Страница 87 из 99
Вернувшись к себе в келью, Аэлис тоже попыталась молиться, опустившись на колени перед черным деревянным распятием, но не смогла — в душе не было ничего, кроме горечи. Наверное, ей и в самом деле нечего думать о монашестве — кому она такая нужна? Раскаяние и то не получается, потому что — ей много раз говорили отец Морель и капеллан — истинное раскаяние умягчает душу, омывает ее от грехов, приносит облегчение. Выходит, все то, что чувствует она — стыд за себя, отвращение к себе, — выходит, это еще не истинное раскаяние?

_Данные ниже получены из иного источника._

(* Consider a classification task in which the unlabeled graph $\overline G$ has support $\overline{\mathcal G}$ equal to all graphs on $n\in\mathbb N$ vertices, the edges of $\overline G$ are jointly independent, and $\mathbf X\in\mathcal Z^{n\times d}$ for a finite set $\mathcal Z$. Fix a subgraph $g_{exp}$ and let the label be $Y=\mathds 1(g_{exp}\subseteq\overline G)$ (a deterministic task). Let $f(\overline G)$ be the classifier that outputs label $\mathds 1(g_{exp}\subseteq\overline G)$ with probability one. For $p\in[0,1]$, let $\Psi_p$ be the (stochastic) explanation function with $P(\Psi_p(\overline g)=g_{exp}\mid g_{exp}\subseteq\overline g)=p$ and $P(\Psi_p(\overline g)=\phi\mid g_{exp}\subseteq\overline g)=1-p$, where $\phi$ is the empty graph, and let $\mathcal S=\{\Psi_p:p\in[0,1]\}$. Then the fidelity measure $Fid_\Delta$ is well-behaved for $\{f\}$ and $\mathcal S$.
   Context: Graph data: a random labeled graph $G=(\mathcal V,\mathcal E;Y,\mathbf X,\mathbf A)$ with unlabeled version $\overline G$. A classifier $f$ maps an unlabeled graph to a distribution on labels; $\widehat Y\sim f(\overline G)$. An explanation function $\Psi$ maps $\overline G$ to a subgraph $\Psi(\overline G)$ of it. For an explanation function $\Psi$, $$I(\widehat Y;\overline G\mid\mathds 1_{\Psi(\overline G)})\triangleq\sum_{g'}P_{\Psi(\overline G)}(g')\sum_{y,\overline g}P_{\widehat Y,\overline G}(y,\overline g|g'\subseteq\overline G)\log\frac{P_{\widehat Y,\overline G}(y,\overline g|g'\subseteq\overline G)}{P_{\widehat Y}(y|g'\subseteq\overline G)P_{\overline G}(\overline g|g'\subseteq\overline G)}.$$ Fidelity measures: let $\widehat P(\cdot)$ be the distribution $f(\overline G)$, $\widehat P^+(\cdot)$ the distribution $f(\overline G-\Psi(\overline G))$ where $\overline G-\Psi(\overline G)$ is the subgraph with edge set $\mathcal E\setminus\mathcal E_{exp}$, and $\widehat P^-(\cdot)$ the distribution $f(\Psi(\overline G))$. Define $Fid_+=\mathbb E[\widehat P(Y)-\widehat P^+(Y)]$, $Fid_-=\mathbb E[\widehat P(Y)-\widehat P^-(Y)]$, $Fid_\Delta=Fid_+-Fid_-$ (expectation over $(\overline G,Y)$ and randomness of $\Psi$). A fidelity measure $Fid(f,\Psi)$ is well-behaved for a set of classifiers $\mathcal F$ and explanation functions $\mathcal S$ if for all $f\in\mathcal F$ and $\Psi_1,\Psi_2\in\mathcal S$: $I(\widehat Y;\overline G|\mathds 1_{\Psi_1(\overline G)})\le I(\widehat Y;\overline G|\mathds 1_{\Psi_2(\overline G)})$ if and only if $Fid(f,\Psi_2)\le Fid(f,\Psi_1)$. *)

theory Defs
  imports "HOL-Probability.Probability"
begin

Возможно, настоятельница и в самом деле права и единственный способ попытаться исправить сделанное зло, это вернуться к Франсуа. Если, конечно, примет. Лучше бы не принял, наверное. Но если?.. Представить это себе страшно — на всю жизнь, до старости, до конца дней…
Колени мучительно болели, у нее уже образовались там незаживающие ссадины, постоянно растравляемые грубой колючей тканью. Презирая себя за слабость, Аэлис не выдержала, легла на пол, раскинув руки и прижимаясь щекой к шершавому граниту. Камень казался ледяным, здесь вообще царил постоянный холод — даже в эти знойные дни середины лета; раньше пол был покрыт камышовой циновкой, но Аэлис велела ее убрать, как и соломенный тюфячок с постели, — спала на голых досках, даже без подушки.

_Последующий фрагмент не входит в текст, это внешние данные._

lemma qpoch_self_ge:
  fixes q :: real
  assumes "0 \<le> q" "q < 1"
  shows "(1 - q) ^ n \<le> qpoch q q n"
proof -
  have "1 - q \<le> 1 - q * q ^ j" for j
    using assms by (simp add: mult_left_le power_le_one)
  then have "(\<Prod>j<n. 1 - q) \<le> qpoch q q n"
    unfolding qpoch_def using assms by (intro prod_mono) simp
  then show ?thesis by simp
qed

lemma qpoch_self_pos:
  fixes q :: real
  assumes "0 \<le> q" "q < 1"
  shows "0 < qpoch q q n"
  using assms by (intro less_le_trans[OF _ qpoch_self_ge]) auto

lemma qpoch_minus_self_le_exp:
  fixes q :: real
  assumes "0 \<le> q" "q < 1"
  shows "qpoch (- q) q n \<le> exp (1 / (1 - q))"
proof -
  have "qpoch (- q) q n \<le> (\<Prod>j<n. exp (q ^ Suc j))"
    unfolding qpoch_def using assms by (intro prod_mono) auto
  also have "\<dots> = exp (\<Sum>j<n. q * q ^ j)" by (simp add: exp_sum)
  also have "(\<Sum>j<n. q * q ^ j) \<le> (\<Sum>j<n. q ^ j)"
    using assms by (intro sum_mono) (simp add: mult_left_le_one_le)
  also have "\<dots> = (1 - q ^ n) / (1 - q)" using assms by (simp add: sum_gp_strict)
  also have "\<dots> \<le> 1 / (1 - q)" using assms by (simp add: divide_right_mono)
  finally show ?thesis by simp
qed

section \<open>The q-series \<open>\<Phi>\<close> and its q-difference equation\<close>

definition Phi_term :: "real \<Rightarrow> real \<Rightarrow> real \<Rightarrow> real \<Rightarrow> nat \<Rightarrow> real" where
  "Phi_term x y q z n = q ^ (n * n) * z ^ n * qpoch z q n /
     (qpoch q q n * (qpoch (- (x * z)) q n * qpoch (- (y * z)) q n))"

definition Phi :: "real \<Rightarrow> real \<Rightarrow> real \<Rightarrow> real \<Rightarrow> real" where
  "Phi x y q z = (\<Sum>n. Phi_term x y q z n)"

definition Phi_majorant :: "real \<Rightarrow> nat \<Rightarrow> real" where
  "Phi_majorant q n = q ^ (n * n) / (1 - q) ^ n"

lemma summable_Phi_majorant:
  fixes q :: real
  assumes "0 \<le> q" "q < 1"
  shows "summable (Phi_majorant q)"
proof -
  have "(\<lambda>n. q ^ n / (1 - q)) \<longlonglongrightarrow> 0 / (1 - q)"
    by (intro tendsto_divide LIMSEQ_power_zero tendsto_const) (use assms in auto)
  from LIMSEQ_D[OF this, of "1/2"] obtain N where N: "\<And>n. n \<ge> N \<Longrightarrow> \<bar>q ^ n / (1 - q)\<bar> < 1/2"
    by auto
  show ?thesis
  proof (rule summable_comparison_test')
    show "summable (\<lambda>n. (1/2::real) ^ n)" by simp
    fix n assume "N \<le> n"
    have "Phi_majorant q n = (q ^ n / (1 - q)) ^ n"
      by (simp add: Phi_majorant_def power_divide power_mult)
    also have "\<dots> \<le> (1/2) ^ n" using N[OF \<open>N \<le> n\<close>] assms by (intro power_mono) auto
    finally show "norm (Phi_majorant q n) \<le> (1/2) ^ n"
      using assms by (simp add: Phi_majorant_def)
  qed
qed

Сейчас она лежала, чувствуя, как в тело медленно проникает холод камня — мертвящий, вечный, не знающий ни времени года, ни дня, ни ночи. Живая плоть теряла чувствительность, наливаясь этим холодом. Наверное, так бывает, когда умираешь. Если бы умереть! Прямо сейчас, а еще лучше было бы умереть раньше, до того как все случилось. Но что — все? За последнее время случилось так много всего, что теперь уже и не вспомнить, с чего начались ее беды. Может быть, с того далекого дня, когда она — чтобы выманить отпускную грамоту для Робера — пообещала отцу быть любезной с итальянцами? Или когда итальянцы приехали и она сразу поняла, что ей не придется принуждать себя к любезности, особенно с Франсуа? Или когда согласилась стать его женой, или когда послала Роберу кольцо?
Дверь протяжно заскрипела на ржавых петлях. Аэлис не подняла головы, не оглянулась — никто, кроме Жаклин, сюда не входил.
— Что тебе нужно? — спросила она, не открывая глаз.
— Да там этот приехал, легист. Говорит, хотел бы вас видеть.
— Зачем он мне? Я не приму его, поди скажи, чтобы уезжал.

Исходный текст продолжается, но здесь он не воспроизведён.